* Task instructions:
Copy each line containing the word "intro" from the records that follow, please.

* Exercise data:
|---|
text \<open>The weights are the normalised excesses \<open>max 0 (f k c0 - u)\<close> at a minimiser \<open>c0\<close> of
  \<open>excess u\<close>; by the first-order condition they lift all of \<open>C\<close> above the level \<open>u\<close>.\<close>
lemma level_weights_nonempty:
  assumes "C \<noteq> {}" and above: "\<And>c. c \<in> C \<Longrightarrow> \<exists>k\<in>K. u < f k c"
  shows "weight_box \<inter> level_weights u \<noteq> {}"
proof -
  have "continuous_on C (excess u)"
    unfolding excess_def using continuous_f by (intro continuous_intros) auto
  then obtain c0 where c0: "c0 \<in> C" "\<And>c. c \<in> C \<Longrightarrow> excess u c0 \<le> excess u c"
    using continuous_attains_inf[OF compact_C \<open>C \<noteq> {}\<close>] by blast
  define l where "l k = max 0 (f k c0 - u)" for k
  define L where "L = sum l K"
  have l_nonneg: "0 \<le> l k" for k by (simp add: l_def)
  obtain k0 where "k0 \<in> K" "u < f k0 c0" using above c0(1) by blast
  then have L_pos: "0 < L"
    unfolding L_def using finite_K l_nonneg by (intro sum_pos2[of K k0]) (auto simp: l_def)
  have "u * L \<le> (\<Sum>k\<in>K. l k * f k c0)"
    unfolding L_def sum_distrib_left
    by (intro sum_mono) (auto simp: l_def max_def mult.commute mult_right_mono)
  moreover have "0 \<le> (\<Sum>k\<in>K. l k * f k c) - (\<Sum>k\<in>K. l k * f k c0)" if "c \<in> C" for c
    using excess_minimizer_first_order[OF c0 that]
    by (simp add: l_def sum_subtractf[symmetric] right_diff_distrib)
  ultimately have "u * L \<le> (\<Sum>k\<in>K. l k * f k c)" if "c \<in> C" for c
    using that by fastforce
  then have level: "u \<le> (\<Sum>k\<in>K. l k / L * f k c)" if "c \<in> C" for c
    using that L_pos by (simp add: pos_le_divide_eq sum_divide_distrib[symmetric])
  define \<mu> where "\<mu> k = (if k \<in> K then l k / L else 0)" for k
  have sum_\<mu>: "(\<Sum>k\<in>K. \<mu> k * g k) = (\<Sum>k\<in>K. l k / L * g k)" for g
    by (simp add: \<mu>_def)
  have "l k \<le> L" if "k \<in> K" for k
    unfolding L_def using finite_K that l_nonneg by (intro member_le_sum) auto
  then have "\<mu> \<in> weight_box"
    using L_pos l_nonneg by (auto simp: weight_box_def \<mu>_def)
  moreover have "\<mu> \<in> level_weights u"
    using sum_\<mu>[of "\<lambda>_. 1"] L_pos level
    by (auto simp: level_weights_def sum_\<mu> sum_divide_distrib[symmetric] L_def)
  ultimately show ?thesis by blast
qed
|---|
* Solution to this exercise:
    unfolding excess_def using continuous_f by (intro continuous_intros) auto
    unfolding L_def using finite_K l_nonneg by (intro sum_pos2[of K k0]) (auto simp: l_def)
    by (intro sum_mono) (auto simp: l_def max_def mult.commute mult_right_mono)
    unfolding L_def using finite_K that l_nonneg by (intro member_le_sum) auto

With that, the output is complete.